Data listing:
=== Begin Enclosure ===

text \<open>
  Write sigma^g for the automorphism sigma_0^(g_0) ... sigma_(n-1)^(g_(n-1)) of R. The generators
  rho r, X_i^+ and X_i^- of degree g satisfy y r = sigma^g(r) y, this is stable under sums and
  products, and since the grading is a direct sum it passes from the ring generated by them to
  every homogeneous element. Consequently the left R-torsion of A is a graded ideal; it meets
  A_0 = R trivially because R is a domain, so by the maximality built into a TGWA it vanishes.
  Since X_i^+ X_i^- and X_i^- X_i^+ are nonzero elements of R, products of the X's give for every g
  homogeneous elements of degree g and -g that are not right zero divisors on homogeneous elements.
  Right multiplication by such an element Y of degree -g embeds A_g into R as an ideal. As R is a
  principal ideal domain, this ideal is generated by a Y for some a in A_g; then A_g = R a, freely by
  torsion-freeness, and A_g = a R by the twisting with sigma^g.
\<close>

lemma zzero_in_Zn [simp]: "zzero \<in> Zn n"
  by (simp add: Zn_def zzero_def)

lemma unitv_in_Zn [simp]: "i < n \<Longrightarrow> unitv i \<in> Zn n"
  by (simp add: Zn_def unitv_def)

lemma zadd_in_Zn [simp]: "g \<in> Zn n \<Longrightarrow> h \<in> Zn n \<Longrightarrow> zadd g h \<in> Zn n"
  by (simp add: Zn_def zadd_def)

lemma zneg_in_Zn [simp]: "g \<in> Zn n \<Longrightarrow> zneg g \<in> Zn n"
  by (simp add: Zn_def zneg_def)

lemma zadd_zzero [simp]: "zadd zzero g = g" "zadd g zzero = g"
  by (auto simp: zadd_def zzero_def)

lemma zadd_zneg [simp]: "zadd g (zneg g) = zzero" "zadd (zneg g) g = zzero"
  by (auto simp: zadd_def zneg_def zzero_def)

lemma zadd_assoc: "zadd (zadd f g) h = zadd f (zadd g h)"
  by (auto simp: zadd_def)

lemma zadd_unitv: "zadd (unitv i) g = g(i := g i + 1)"
  by (auto simp: zadd_def unitv_def)

lemma zadd_zneg_unitv: "zadd (zneg (unitv i)) g = g(i := g i - 1)"
  by (auto simp: zadd_def zneg_def unitv_def)

lemma Zn_induct [consumes 1, case_names zero plus minus]:
  assumes "g \<in> Zn n"
    and zero: "P zzero"
    and plus: "\<And>h i. h \<in> Zn n \<Longrightarrow> i < n \<Longrightarrow> P h \<Longrightarrow> P (zadd (unitv i) h)"
    and minus: "\<And>h i. h \<in> Zn n \<Longrightarrow> i < n \<Longrightarrow> P h \<Longrightarrow> P (zadd (zneg (unitv i)) h)"
  shows "P g"
proof -
  have "P g" if "\<forall>i\<ge>m. g i = 0" "m \<le> n" for m g
    using that
  proof (induction m arbitrary: g)
    case 0
    then have "g = zzero" by (auto simp: zzero_def)
    then show ?case using zero by simp
  next
    case (Suc m)
    let ?g = "\<lambda>k. g(m := k)"
    have in_Zn: "?g k \<in> Zn n" for k
      using Suc.prems by (auto simp: Zn_def)
    have "P (?g k)" for k
    proof (induction k rule: int_induct[where k = 0])
      case base
      show ?case using Suc by auto
    next
      case (step1 k)
      have "zadd (unitv m) (?g k) = ?g (k + 1)"
        by (auto simp: zadd_def unitv_def)
      then show ?case using plus[OF in_Zn, of m k] step1 Suc.prems by (simp add: fun_upd_def)
    next
      case (step2 k)
      have "zadd (zneg (unitv m)) (?g k) = ?g (k - 1)"
        by (auto simp: zadd_def zneg_def unitv_def)
      then show ?case using minus[OF in_Zn, of m k] step2 Suc.prems by (simp add: fun_upd_def)
    qed
    from this[of "g m"] show ?case by simp
  qed
  then show ?thesis using assms(1) by (auto simp: Zn_def)
qed

lemma (in ring) left_stabilizer_subring:
  assumes "additive_subgroup P R"
  shows "subring {x \<in> carrier R. \<forall>w\<in>P. x \<otimes> w \<in> P} R"
proof -
  interpret P: additive_subgroup P R by (fact assms)
  have [simp]: "w \<in> P \<Longrightarrow> w \<in> carrier R" for w
    using P.a_subset by blast
  show ?thesis
    by (rule subringI) (auto simp: l_minus l_distr m_assoc)
qed

section \<open>Z^n-graded rings\<close>

locale Zn_graded =
  fixes A :: "('a, 'b) ring_scheme" (structure) and n :: nat and D :: "(nat \<Rightarrow> int) \<Rightarrow> 'a set"
  assumes graded: "Zn_graded_ring A n D"

sublocale Zn_graded \<subseteq> ring A
  using graded by (simp add: Zn_graded_ring_def)

context Zn_graded
begin

lemma homogeneous_subgroup: "g \<in> Zn n \<Longrightarrow> additive_subgroup (D g) A"
  using graded by (simp add: Zn_graded_ring_def)

lemma homogeneous_closed: "g \<in> Zn n \<Longrightarrow> x \<in> D g \<Longrightarrow> x \<in> carrier A"
  using additive_subgroup.a_subset[OF homogeneous_subgroup] by blast

lemma homogeneous_zero: "g \<in> Zn n \<Longrightarrow> \<zero> \<in> D g"
  using additive_subgroup.zero_closed[OF homogeneous_subgroup] .

lemma homogeneous_add: "g \<in> Zn n \<Longrightarrow> x \<in> D g \<Longrightarrow> y \<in> D g \<Longrightarrow> x \<oplus> y \<in> D g"
  using additive_subgroup.a_closed[OF homogeneous_subgroup] .

lemma homogeneous_neg: "g \<in> Zn n \<Longrightarrow> x \<in> D g \<Longrightarrow> \<ominus> x \<in> D g"
  using additive_subgroup.a_inv_closed[OF homogeneous_subgroup] .

lemma homogeneous_mult: "g \<in> Zn n \<Longrightarrow> h \<in> Zn n \<Longrightarrow> x \<in> D g \<Longrightarrow> y \<in> D h \<Longrightarrow> x \<otimes> y \<in> D (zadd g h)"
  using graded by (simp add: Zn_graded_ring_def)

=== End Enclosure ===

Problem to solve:
Reply with nothing except the number of lines in the records that include the word "carrier".

Answer:
3